(* Let $A$ be a simple linear arrangement of $n$ hyperplanes in $\mathbb{R}^d$ with corresponding $d$-maximum class $C\subseteq\{0,1\}^n$, and let $h$ be a generic hyperplane. Then the arrangement induced by $A$ on $h$ corresponds to a $(d-1)$-maximum class $C'\subseteq C$. Moreover, if all $d$-intersection points of $A$ lie on one side of $h$, then every $(d-1)$-cube of $C'$ lies in $\partial C$; and $\partial C$ is the disjoint union of (the $(d-1)$-cubes of) two $(d-1)$-maximum sub-classes of $C$.
   Context: A simple linear arrangement is a collection of $n\ge d$ oriented affine hyperplanes in $\mathbb{R}^d$ in general position: any $k<d$ of them meet in a plane of dimension $d-k$, any $d$ meet in a single point (a $d$-intersection point), and any $d+1$ have empty intersection. Each cell (connected component of the complement) gives a concept in $\{0,1\}^n$ whose $i$-th coordinate records the side of the $i$-th hyperplane containing the cell; the class corresponding to the arrangement is the set of these concepts. A generic hyperplane $h$ is one such that $A\cup\{h\}$ is in general position; the arrangement induced on $h\cong\mathbb{R}^{d-1}$ consists of the $n$ hyperplanes $H_i\cap h$, and its class in $\{0,1\}^n$ is defined in the same way. $C\subseteq\{0,1\}^n$ is $k$-maximum if its VC-dimension is $k$ and $|C|=\sum_{i=0}^k\binom{n}{i}$. A $k$-cube in $C$ is a set of $2^k$ points of $C$ agreeing outside some $k$ coordinates and taking all values on them. The boundary $\partial C$ of a $d$-maximum class is the set of $(d-1)$-cubes of $C$ that are faces of exactly one $d$-cube of $C$. *)

theory Defs
  imports "HOL-Analysis.Analysis"
begin

text \<open>An oriented affine hyperplane in a Euclidean space is given by a pair (a, b)
  with a nonzero normal a; it is the set {x. a \<bullet> x = b}; its positive side is
  {x. a \<bullet> x > b} (coordinate 1) and its negative side {x. a \<bullet> x < b} (coordinate 0).
  Concepts in {0,1}^n are represented as subsets of {..<n} (the coordinates equal to 1).\<close>

type_synonym 'a ohp = "'a \<times> real"

definition hp :: "'a::euclidean_space ohp \<Rightarrow> 'a set" where
  "hp H = {x. fst H \<bullet> x = snd H}"

definition pos_side :: "'a::euclidean_space ohp \<Rightarrow> 'a set" where
  "pos_side H = {x. fst H \<bullet> x > snd H}"

definition neg_side :: "'a::euclidean_space ohp \<Rightarrow> 'a set" where
  "neg_side H = {x. fst H \<bullet> x < snd H}"

definition simple_arrangement :: "nat \<Rightarrow> (nat \<Rightarrow> 'a::euclidean_space ohp) \<Rightarrow> bool" where
  "simple_arrangement n H \<longleftrightarrow>
     n \<ge> DIM('a) \<and>
     (\<forall>i<n. fst (H i) \<noteq> 0) \<and>
     (\<forall>K. K \<subseteq> {..<n} \<and> card K \<le> DIM('a) \<longrightarrow>
          aff_dim (\<Inter>i\<in>K. hp (H i)) = int DIM('a) - int (card K)) \<and>
     (\<forall>K. K \<subseteq> {..<n} \<and> card K = DIM('a) + 1 \<longrightarrow> (\<Inter>i\<in>K. hp (H i)) = {})"

definition generic_hyperplane :: "nat \<Rightarrow> (nat \<Rightarrow> 'a::euclidean_space ohp) \<Rightarrow> 'a ohp \<Rightarrow> bool" where
  "generic_hyperplane n H h \<longleftrightarrow> fst h \<noteq> 0 \<and>
     (\<forall>K. K \<subseteq> {..<Suc n} \<and> card K \<le> DIM('a) \<longrightarrow>
          aff_dim (\<Inter>i\<in>K. hp ((H(n := h)) i)) = int DIM('a) - int (card K)) \<and>
     (\<forall>K. K \<subseteq> {..<Suc n} \<and> card K = DIM('a) + 1 \<longrightarrow> (\<Inter>i\<in>K. hp ((H(n := h)) i)) = {})"

definition concept_of :: "nat \<Rightarrow> (nat \<Rightarrow> 'a::euclidean_space ohp) \<Rightarrow> 'a set \<Rightarrow> nat set" where
  "concept_of n H c = {i. i < n \<and> c \<subseteq> pos_side (H i)}"

definition arr_class :: "nat \<Rightarrow> (nat \<Rightarrow> 'a::euclidean_space ohp) \<Rightarrow> nat set set" where
  "arr_class n H = concept_of n H ` components (UNIV - (\<Union>i<n. hp (H i)))"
-*-*-
**Exercise goal**. Leaving out all lines before the one containing "n H \<longleftrightarrow>", copy that line and the rest through the end of the listing above exactly.

**Output of the task**.
  "simple_arrangement n H \<longleftrightarrow>
     n \<ge> DIM('a) \<and>
     (\<forall>i<n. fst (H i) \<noteq> 0) \<and>
     (\<forall>K. K \<subseteq> {..<n} \<and> card K \<le> DIM('a) \<longrightarrow>
          aff_dim (\<Inter>i\<in>K. hp (H i)) = int DIM('a) - int (card K)) \<and>
     (\<forall>K. K \<subseteq> {..<n} \<and> card K = DIM('a) + 1 \<longrightarrow> (\<Inter>i\<in>K. hp (H i)) = {})"

definition generic_hyperplane :: "nat \<Rightarrow> (nat \<Rightarrow> 'a::euclidean_space ohp) \<Rightarrow> 'a ohp \<Rightarrow> bool" where
  "generic_hyperplane n H h \<longleftrightarrow> fst h \<noteq> 0 \<and>
     (\<forall>K. K \<subseteq> {..<Suc n} \<and> card K \<le> DIM('a) \<longrightarrow>
          aff_dim (\<Inter>i\<in>K. hp ((H(n := h)) i)) = int DIM('a) - int (card K)) \<and>
     (\<forall>K. K \<subseteq> {..<Suc n} \<and> card K = DIM('a) + 1 \<longrightarrow> (\<Inter>i\<in>K. hp ((H(n := h)) i)) = {})"

definition concept_of :: "nat \<Rightarrow> (nat \<Rightarrow> 'a::euclidean_space ohp) \<Rightarrow> 'a set \<Rightarrow> nat set" where
  "concept_of n H c = {i. i < n \<and> c \<subseteq> pos_side (H i)}"

definition arr_class :: "nat \<Rightarrow> (nat \<Rightarrow> 'a::euclidean_space ohp) \<Rightarrow> nat set set" where
  "arr_class n H = concept_of n H ` components (UNIV - (\<Union>i<n. hp (H i)))"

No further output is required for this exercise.